Иногда бывает, что ребенок с аутизмом рождается у родителей с высоким уровнем интеллекта. Еще до рождения сына или дочери родители создают для себя его (ее) образ – ребенка, восприимчивого к окружающей его культурной атмосфере, наследника их интеллектуальных занятий. Однако их надежды на то, что они дадут сыну или дочери выдающееся образование, рушатся, хотя мать с отцом могут и не отвергать своего ребенка.

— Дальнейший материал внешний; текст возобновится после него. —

lemma lagrange_basis_at_node:
  assumes "finite I" "inj_on z I" "l \<in> I" "j \<in> I"
  shows "lagrange_basis z I l (z j) = (if l = j then 1 else 0)"
proof (cases "l = j")
  case True
  have "z l \<noteq> z k" if "k \<in> I - {l}" for k
    using assms that by (auto dest: inj_onD)
  then show ?thesis using True by (simp add: lagrange_basis_def)
next
  case False
  then have "j \<in> I - {l}" using assms by simp
  then show ?thesis
    using False assms(1) unfolding lagrange_basis_def by (auto intro!: prod_zero)
qed

lemma lagrange_basis_poly:
  fixes z :: "'i \<Rightarrow> 'a::field"
  assumes "finite I" "l \<in> I"
  obtains L where "degree L < card I" "\<And>y. poly L y = lagrange_basis z I l y"
proof
  define L where "L = smult (1 / (\<Prod>k\<in>I - {l}. z l - z k)) (\<Prod>k\<in>I - {l}. [:- z k, 1:])"
  show "poly L y = lagrange_basis z I l y" for y
    unfolding L_def lagrange_basis_def by (simp add: poly_prod prod_dividef)
  have "degree L \<le> degree (\<Prod>k\<in>I - {l}. [:- z k, 1:])"
    unfolding L_def by (rule degree_smult_le)
  also have "\<dots> \<le> (\<Sum>k\<in>I - {l}. degree [:- z k, 1:])"
    using degree_prod_sum_le[of "I - {l}" "\<lambda>k. [:- z k, 1:]"] assms(1) by (simp add: o_def)
  also have "\<dots> = card I - 1"
    using assms by (simp add: card_Diff_singleton)
  also have "\<dots> < card I"
    using assms by (metis card_gt_0_iff diff_less empty_iff zero_less_one)
  finally show "degree L < card I" .
qed
section \<open>Separated sets of points\<close>

lemma exists_independent_subset_bounded_degree:
  fixes R :: "'a \<Rightarrow> 'a \<Rightarrow> bool"
  assumes "finite W"
    and "\<And>q. finite {q'. R q q' \<or> R q' q}" "\<And>q. card {q'. R q q' \<or> R q' q} \<le> e"
  shows "\<exists>Q\<subseteq>W. (\<forall>q\<in>Q. \<forall>q'\<in>Q. q \<noteq> q' \<longrightarrow> \<not> R q q') \<and> card W \<le> (e + 1) * card Q"
  using assms(1)
proof (induction "card W" arbitrary: W rule: less_induct)
  case less
  show ?case
  proof (cases "W = {}")
    case True
    then show ?thesis by auto
  next
    case False
    then obtain q where q: "q \<in> W" by auto
    define N where "N = {q'. R q q' \<or> R q' q}"
    define W' where "W' = W - insert q N"
    have "card W' < card W"
      unfolding W'_def using q less.prems by (intro psubset_card_mono) auto
    then obtain Q' where Q': "Q' \<subseteq> W'" "\<forall>q\<in>Q'. \<forall>q'\<in>Q'. q \<noteq> q' \<longrightarrow> \<not> R q q'"
      "card W' \<le> (e + 1) * card Q'"
      using less.hyps[of W'] less.prems by (auto simp: W'_def)
    have "card W \<le> card (W' \<union> insert q N)"
      using less.prems assms(2) by (intro card_mono) (auto simp: W'_def N_def)
    also have "\<dots> \<le> card W' + card (insert q N)"
      by (rule card_Un_le)
    also have "\<dots> \<le> card W' + (e + 1)"
      using assms(2,3)[of q] by (simp add: card_insert_if N_def)
    finally have "card W \<le> card W' + (e + 1)" .
    moreover have "q \<notin> Q'" "finite Q'"
      using Q'(1) less.prems finite_subset by (auto simp: W'_def)
    ultimately show ?thesis
      using q Q' by (intro exI[of _ "insert q Q'"]) (auto simp: W'_def N_def)
  qed
qed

Вот случай с одной женщиной—решительным, образованным и музыкальным человеком. Она мечтала открыть своему ребенку мир культуры, к которому принадлежала сама. Ее сын, шести лет, первый в семье, страдал аутизмом, был пассивным и замкнутым. Когда было решено, что ему нужно заниматься музыкой, мы дали матери возможность, о которой она так мечтала, а именно: самой заниматься интеллектуальным и эмоциональным развитием сына.
Мальчик хорошо откликался на музыку, несмотря на свою пассивность и негативизм. Однако семья жила слишком далеко от Лондона и не могла часто привозить маленького ребенка на занятия, а музыкального терапевта в то время в их районе не было. Мы сошлись на том, что приезжать к терапевту вместе с сыном мама будет лишь время от времени, но регулярно будет ездить к нему одна, с тем чтобы получать советы и инструкции для домашних занятий с сыном и еженедельно рассказывать терапевту, как продвигаются дела.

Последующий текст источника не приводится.